Information START

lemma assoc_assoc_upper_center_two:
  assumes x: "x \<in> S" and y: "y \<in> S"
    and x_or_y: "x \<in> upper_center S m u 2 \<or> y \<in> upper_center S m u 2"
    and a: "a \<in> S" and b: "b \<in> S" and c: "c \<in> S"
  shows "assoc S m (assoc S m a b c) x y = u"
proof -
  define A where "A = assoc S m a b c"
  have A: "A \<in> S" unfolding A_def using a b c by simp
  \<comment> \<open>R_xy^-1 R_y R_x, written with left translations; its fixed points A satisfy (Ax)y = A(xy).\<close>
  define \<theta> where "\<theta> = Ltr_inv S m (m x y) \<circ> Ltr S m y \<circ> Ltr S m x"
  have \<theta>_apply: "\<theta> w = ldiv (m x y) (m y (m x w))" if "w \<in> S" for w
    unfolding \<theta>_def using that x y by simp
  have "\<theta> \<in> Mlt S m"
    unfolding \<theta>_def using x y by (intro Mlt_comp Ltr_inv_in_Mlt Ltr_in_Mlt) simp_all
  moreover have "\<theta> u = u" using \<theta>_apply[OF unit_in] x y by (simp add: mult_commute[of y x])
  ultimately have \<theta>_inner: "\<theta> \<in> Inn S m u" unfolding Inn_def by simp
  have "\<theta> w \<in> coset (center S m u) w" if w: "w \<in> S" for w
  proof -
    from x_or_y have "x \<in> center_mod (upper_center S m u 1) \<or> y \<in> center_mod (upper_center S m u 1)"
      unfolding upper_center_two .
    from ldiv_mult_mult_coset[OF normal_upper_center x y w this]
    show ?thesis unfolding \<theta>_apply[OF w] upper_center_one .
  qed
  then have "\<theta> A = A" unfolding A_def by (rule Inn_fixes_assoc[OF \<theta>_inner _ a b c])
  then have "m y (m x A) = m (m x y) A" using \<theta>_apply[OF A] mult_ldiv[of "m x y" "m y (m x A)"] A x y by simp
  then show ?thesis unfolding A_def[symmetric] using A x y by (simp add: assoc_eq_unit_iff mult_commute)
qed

Information END

**Brief**
Locate the line that contains "unfolding upper_center_two .", then please quote it and every line after it to the end of the entries above, exactly and with nothing else.

**Response**
      unfolding upper_center_two .
    from ldiv_mult_mult_coset[OF normal_upper_center x y w this]
    show ?thesis unfolding \<theta>_apply[OF w] upper_center_one .
  qed
  then have "\<theta> A = A" unfolding A_def by (rule Inn_fixes_assoc[OF \<theta>_inner _ a b c])
  then have "m y (m x A) = m (m x y) A" using \<theta>_apply[OF A] mult_ldiv[of "m x y" "m y (m x A)"] A x y by simp
  then show ?thesis unfolding A_def[symmetric] using A x y by (simp add: assoc_eq_unit_iff mult_commute)
qed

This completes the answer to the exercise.